8. Propeller nozzle according to claim 7,

characterized,

that the propeller nozzle (100) is supported only by means of the nozzle shaft (20) and has no further storage.

9. Propeller nozzle according to one of claims 7 or 8,

characterized,

in that at least two apertures arranged substantially opposite one another are provided in the wall of the nozzle ring (10).

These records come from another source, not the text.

(* In $\mathbb{R}^3$, for $r>0$ let $C_r=[0,\tfrac14]\times D_r$, where $D_r\subset\mathbb{R}^2$ is the disc of radius $r$ centred at $0$ (writing $z=(z_1,\mathbf z_2)$, $\mathbf z_2\in\mathbb{R}^2$). For $r\in(0,e^{-1})$ put $\varrho(r)=\frac{1}{r^2|\ln r|\ln|\ln r|}$ and $U_r(z)=\varrho(r)\mathbf 1_{C_r}(z)$. Then $$\lim_{\varepsilon\to0^+}\ \sup_{x\in\mathbb{R}^3,\ r\in(0,1/5)}\int_{|z-x|<\varepsilon}\frac{|U_r(z)|}{|z-x|}\,dz=0.$$ *)

theory Defs
  imports "HOL-Analysis.Analysis"
begin

text \<open>Points of R^3 are vectors z :: real^3 with components z$1 (the axial coordinate z_1)
and (z$2, z$3) (the planar coordinate \<zz>_2).\<close>

definition cyl :: "real \<Rightarrow> (real^3) set" where
  "cyl r = {z. 0 \<le> z$1 \<and> z$1 \<le> 1/4 \<and> (z$2)\<^sup>2 + (z$3)\<^sup>2 \<le> r\<^sup>2}"

definition varrho :: "real \<Rightarrow> real" where
  "varrho r = 1 / (r\<^sup>2 * \<bar>ln r\<bar> * ln \<bar>ln r\<bar>)"

definition U :: "real \<Rightarrow> real^3 \<Rightarrow> real" where
  "U r z = varrho r * indicator (cyl r) z"

end

theory Submission
  imports Defs "HOL-Real_Asymp.Real_Asymp"
begin

(* Split the ball |z - x| < eps into the dyadic shells eps/2^(k+1) < |z - x| <= eps/2^k.
   On the k-th shell the kernel 1/|z - x| is at most 2^(k+1)/eps, and the shell meets the
   cylinder C_r in a set of volume at most 8 (eps/2^k) min(eps/2^k, r)^2. So the integral is
   at most 16 rho(r) sum_k min(eps/2^k, r)^2.
   If r >= eps the sum is at most (4/3) eps^2, and against rho(r) = 1/(r^2 |ln r| ln|ln r|)
   this gives O(1/|ln eps| + eps).
   If r < eps only about log2(eps/r) <= |ln r| terms have size r^2, the rest form a geometric
   tail, and this gives O(1/ln|ln eps|). Both bounds are uniform in x and r. *)

lemma sets_borel_cyl [measurable]: "cyl r \<in> sets borel"
  unfolding cyl_def by measurable

lemma emeasure_lborel_cbox_centred_3:
  fixes c w :: "real^3"
  assumes "\<And>i. 0 \<le> w$i"
  shows "emeasure lborel (cbox (c - w) (c + w)) = ennreal (8 * (w$1 * w$2 * w$3))"
proof -
  have "cbox (c - w) (c + w) \<noteq> {}"
    using assms by (simp add: interval_ne_empty_cart)
  then have "measure lborel (cbox (c - w) (c + w)) = (\<Prod>i\<in>UNIV. (c + w)$i - (c - w)$i)"
    by (rule content_cbox_cart)
  also have "\<dots> = 8 * (w$1 * w$2 * w$3)"
    unfolding UNIV_3 by simp
  finally show ?thesis
    using emeasure_lborel_cbox_finite[of "c - w" "c + w"]
    by (simp add: emeasure_eq_ennreal_measure)
qed

lemma emeasure_cball_Int_cyl_le:
  fixes x :: "real^3"
  assumes "0 < \<rho>" "0 \<le> r"
  shows "emeasure lborel (cball x \<rho> \<inter> cyl r) \<le> ennreal (8 * \<rho> * (min \<rho> r)\<^sup>2)"
proof -
  \<comment> \<open>Centre the transversal sides at x if the ball is the thinner constraint, at the axis otherwise.\<close>
  define c :: "real^3" where "c = (\<chi> i. if i = 1 \<or> \<rho> \<le> r then x$i else 0)"
  define w :: "real^3" where "w = (\<chi> i. if i = 1 then \<rho> else min \<rho> r)"
  have "cball x \<rho> \<inter> cyl r \<subseteq> cbox (c - w) (c + w)"
  proof
    fix z assume z: "z \<in> cball x \<rho> \<inter> cyl r"
    have near: "\<bar>x$i - z$i\<bar> \<le> \<rho>" for i
      using z component_le_norm_cart[of "x - z" i] by (auto simp: dist_norm)
    have "(z$i)\<^sup>2 \<le> r\<^sup>2" if "i \<noteq> 1" for i
    proof -
      have "(z$2)\<^sup>2 + (z$3)\<^sup>2 \<le> r\<^sup>2" using z by (simp add: cyl_def)
      then show ?thesis using that exhaust_3[of i] by (auto intro: order_trans[rotated])
    qed
    then have axis: "\<bar>z$i\<bar> \<le> r" if "i \<noteq> 1" for i
      using that assms(2) by (simp add: power2_le_iff_abs_le)
    show "z \<in> cbox (c - w) (c + w)"
      unfolding mem_box_cart
    proof
      fix i
      show "(c - w)$i \<le> z$i \<and> z$i \<le> (c + w)$i"
        using near[of i] axis[of i] by (cases "i = 1") (auto simp: c_def w_def abs_le_iff min_def)
    qed
  qed
  then have "emeasure lborel (cball x \<rho> \<inter> cyl r) \<le> emeasure lborel (cbox (c - w) (c + w))"
    by (intro emeasure_mono) auto
  also have "\<dots> = ennreal (8 * (\<rho> * min \<rho> r * min \<rho> r))"
    using assms by (subst emeasure_lborel_cbox_centred_3) (simp_all add: w_def)
  finally show ?thesis
    by (simp add: power2_eq_square mult_ac)
qed

lemma ex_dyadic_shell:
  fixes d \<epsilon> :: real
  assumes "0 < d" "d < \<epsilon>"
  shows "\<exists>k::nat. \<epsilon>/2^(k+1) < d \<and> d \<le> \<epsilon>/2^k"
proof -
  define k where "k = nat \<lfloor>log 2 (\<epsilon>/d)\<rfloor>"
  have lg: "0 < log 2 (\<epsilon>/d)" using assms by simp
  have "2^k = 2 powr (real k)" by (simp add: powr_realpow)
  also have "\<dots> \<le> 2 powr (log 2 (\<epsilon>/d))" unfolding k_def using lg by simp
  also have "\<dots> = \<epsilon>/d" using assms by simp
  finally have lower: "2^k \<le> \<epsilon>/d" .
  have "\<epsilon>/d = 2 powr (log 2 (\<epsilon>/d))" using assms by simp
  also have "\<dots> < 2 powr (real (k+1))" unfolding k_def using lg by simp linarith
  also have "\<dots> = 2^(k+1)" by (rule powr_realpow) simp
  finally have upper: "\<epsilon>/d < 2^(k+1)" .
  show ?thesis
    using lower upper assms by (intro exI[of _ k]) (simp add: field_simps)
qed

10. Propeller nozzle according to one of claims 7 to 9,

characterized,

the nozzle shaft (20) is arranged at least in regions in a coker tube (21) and is mounted therein, wherein the area of the nozzle shaft (20) facing the nozzle ring (10) preferably projects beyond the coker tube (21).

11. Propeller nozzle according to one of claims 7 to 10,

characterized,

in that the nozzle shaft (20) is designed according to one of Claims 1 to 6.

12. watercraft,

characterized,

in that it comprises a propeller nozzle (100) according to one of claims 7 to 11.

13. Use of a cylindrical tube, in particular steel tube, as a nozzle shaft (20) for a propeller nozzle (100) for watercraft.